## INTRODUCTION

A common idea that can be found in the large number of statistical techniques available to industrial practitioners engaged in process improvement and modelling work is information extraction. This idea of obtaining useful information from data is not new and is an important part of scientific investigation and business decision making. To obtain information from data for process improvement, the data must be collected and then analysed. With modern data acquisition and storage systems, ever larger volumes of data are becoming accessible. The volume of data that are available and the number of variables that can be used for model development can be difficult to manage.

The practitioner is often faced with a multitude of choices and no shortage of references on how to proceed with data analysis for a particular industrial project. For example, one may start with early references such as Shewhart (1980) who outlined a set of techniques that could be used to improve process operations and to better inform workers on how the underlying mechanisms of their processing plants are operating. The empirical modelling methods described by Deming (1943) show how data and models can be used together to provide a means to develop adjustments that account for measurement error. As a result, the adjusted data can better represent the underlying process on which they are measured. The improvement tools presented by Ishikawa (1976) and by The Western Electric Company (1956) can be applied to many industries and still act as a basic reference for fault detection, monitoring, and process improvement. The idea of continually improving a process was also described by Box (1957) where a procedure is given that can be used to find information on where the best operating point for a plant may be.

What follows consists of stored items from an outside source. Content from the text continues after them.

lemma l_bound_of_real:
  fixes p h k0 l :: nat
  assumes h: "p\<^sup>2 - 1 = 2 * h" and "p > 0" and k0: "2 * k0 + 3 \<le> p"
    and l: "real l \<le> (real (p\<^sup>2 - 1) * (real p / 2 - 1 - real k0) - real p) / real p"
  shows "p * l + p \<le> h * (p - 2 - 2 * k0)"
proof -
  have "real p * real l \<le> real (p\<^sup>2 - 1) * (real p / 2 - 1 - real k0) - real p"
    using l \<open>p > 0\<close> by (simp add: pos_le_divide_eq mult.commute)
  also have "\<dots> = real (h * (p - 2 - 2 * k0)) - real p"
  proof -
    have "real (p - 2 - 2 * k0) = real p - 2 - 2 * real k0"
      using k0 by simp
    then show ?thesis
      unfolding h of_nat_mult by (simp add: algebra_simps)
  qed
  finally have "real (p * l + p) \<le> real (h * (p - 2 - 2 * k0))"
    by simp
  then show ?thesis
    by (simp only: of_nat_le_iff)
qed

lemma degree_AS_poly:
  assumes "p > 1"
  shows "degree (AS_poly f p) = p"
proof (rule antisym)
  show "degree (AS_poly f p) \<le> p"
    using assms by (intro degree_le) (simp add: AS_poly_def coeff_pCons split: nat.split)
  show "p \<le> degree (AS_poly f p)"
  proof (rule le_degree)
    show "coeff (AS_poly f p) p \<noteq> 0"
      using assms by (cases p) (simp_all add: AS_poly_def)
  qed
qed

lemma largest_term_is_cartier_y_x_power:
  fixes C :: "'k::comm_ring_1 poly poly \<Rightarrow> 'k poly poly"
  assumes cartier: "is_cartier p (AS_poly (f_d p) p) C" and "CHAR('k) = p" and "prime p"
    and h: "p\<^sup>2 - 1 = 2 * h" and "2 * m < p" and "k0 \<le> m"
    and s: "2 * (m - k0) \<le> s + 1" "s \<le> 2 * (m - k0)"
      "\<And>s'. s' < p \<Longrightarrow> (h * s' + n) mod p = p - 1 \<longleftrightarrow> s' = s" "(h * s + n) div p = l"
  shows "largest_term_is (AS_poly (f_d p) p) (C (yR ^ m * xR ^ n)) k0 l"
proof -
  have "p > 1"
    using \<open>prime p\<close> prime_gt_1_nat by blast
  have "degree (cartier_repr p h m n :: 'k poly poly) \<le> m"
    by (rule degree_cartier_repr)
  moreover have "degree (AS_poly (f_d p :: 'k poly) p) = p"
    using \<open>p > 1\<close> by (rule degree_AS_poly)
  ultimately have "degree (cartier_repr p h m n :: 'k poly poly) < degree (AS_poly (f_d p :: 'k poly) p)"
    using \<open>2 * m < p\<close> by linarith
  then show ?thesis
    unfolding largest_term_is_def
    using is_cartier_y_x_power_repr[OF cartier _ h] cartier_repr_largest_term[OF assms(2,3,5,6) s] \<open>p > 1\<close>
    by (intro exI[of _ "cartier_repr p h m n"]) simp
qed

theorem mainTheorem8:
  fixes p :: nat and k0 l :: nat
    and C :: "'k::alg_closed_field poly poly \<Rightarrow> 'k poly poly"
  assumes "prime p" and "odd p" and "CHAR('k) = p"
    and "is_cartier p (AS_poly (f_d p :: 'k poly) p) C"
    and "real k0 < (real p - 1) / 2"
    and "real l \<le> (real (p^2 - 1) * (real p / 2 - 1 - real k0) - real p) / real p"
  shows "\<exists>m n. in_basis p (p^2 - 1) m n \<and> real m < (real p - 1) / 2 \<and>
           largest_term_is (AS_poly (f_d p) p) (C (yR ^ m * xR ^ n)) k0 l"
proof -
  have "p > 1"
    using \<open>prime p\<close> prime_gt_1_nat by blast
  define h where "h = (p\<^sup>2 - 1) div 2"
  have h: "p\<^sup>2 - 1 = 2 * h"
    using \<open>odd p\<close> \<open>p > 1\<close> unfolding h_def by (simp add: Parity.odd_pos)
  have k0: "2 * k0 + 3 \<le> p"
    using k0_bound_of_real[OF \<open>odd p\<close> assms(5)] .
  obtain m n s where m: "k0 \<le> m" "2 * m + 3 \<le> p" and "n < h"
    and s: "2 * (m - k0) \<le> s + 1" "s \<le> 2 * (m - k0)"
      "\<And>s'. s' < p \<Longrightarrow> (h * s' + n) mod p = p - 1 \<longleftrightarrow> s' = s" "(h * s + n) div p = l"
    using good_exponents_exist[OF h \<open>odd p\<close> \<open>p > 1\<close> k0 l_bound_of_real[OF h _ k0 assms(6)]]
      \<open>p > 1\<close> by auto
  have "largest_term_is (AS_poly (f_d p) p) (C (yR ^ m * xR ^ n)) k0 l"
    using m by (intro largest_term_is_cartier_y_x_power[OF assms(4,3,1) h _ m(1) s]) simp
  moreover have "in_basis p (p\<^sup>2 - 1) m n"
    using h m(2) \<open>n < h\<close> by (rule in_basis_p_square)
  moreover have "real m < (real p - 1) / 2"
    using m(2) by (simp add: field_simps)
  ultimately show ?thesis
    by blast
qed

end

The list goes on up to the present day with many similar references and descriptions of possible applications readily available (Mitra, 1998).

Although the methods described above are generally applicable, they do not deal directly with many practical aspects of data analysis. When analysing industrial data, it quickly becomes apparent that the large number of variables that are typically available can become problematic if not treated properly. Problems in analysis can arise due to the condition and structure of the data themselves. Dependencies and colinearity in the data set can produce erroneous results if they are not accounted for. Many references such as the works by Draper and Smith (1981) and Morrison (1990) discuss this topic in varying degrees, and a particularly lucid and informative description of it is given by Box et al. (1973). In this work the authors describe some possible types of dependencies in a multivariate data set, how the dependencies can arise, be identified, and how they can be dealt with to improve a model. The diagnostic technique advocated by the authors involves the computation of the eigenvectors and eigenvalues of the covariance matrix of a data set. The information provided by the decomposition of the covariance matrix is the key in their analysis and their suggested course of action. Although the examples presented are focused on model fitting, the methods can be applied to data analysis in general, especially for process monitoring and improvement.

The concept of analysing the covariance structure to provide information on multivariate data sets has been used in many data-driven projects. Some useful references from Professor MacGregor and his colleagues at McMaster University are listed here. These references are significant because they focus on applications and provide practical means to deal with many of the difficulties in analysis that practitioners may face. A description of how multivariate statistical methods can be used to develop process monitoring methods for steady-state processes is given by Kresta et al. (1991). The authors also show how predictive models can be developed using partial least squares (PLS). In their work, the use of multivariate statistics for process monitoring and model predictions is suggested to deal with correlations in the variables. The important topic of developing models with incomplete data sets is discussed in Nelson et al. (1996). The authors describe a means to use the decomposition of the covariance matrix to fill in missing data values, thereby making models that are used for on-line process monitoring more robust. The development of monitoring methods for batch processes was described by Nomikos and MacGregor (1994). This article provides a suggestion on how to form data matrices in a way that can be applied to process fault detection and monitoring. Once formed, the data matrix is decomposed using singular vectors and singular values derived from principal components analysis (PCA). Also, the application of image analysis outlined by Yu et al. (2003) has provided some useful insight into how multivariate analysis of images can be performed to diagnose operational problems and to find opportunities for improvement. These methods can be particularly useful in processes that are difficult to measure using traditional instrumentation. Lastly, summaries of various applications of multivariate statistical modelling techniques were given by Kourti (2002, 2005). These summaries provide insight into the many useful features that multivariate modelling methods provide, in particular those that are useful in industrial settings.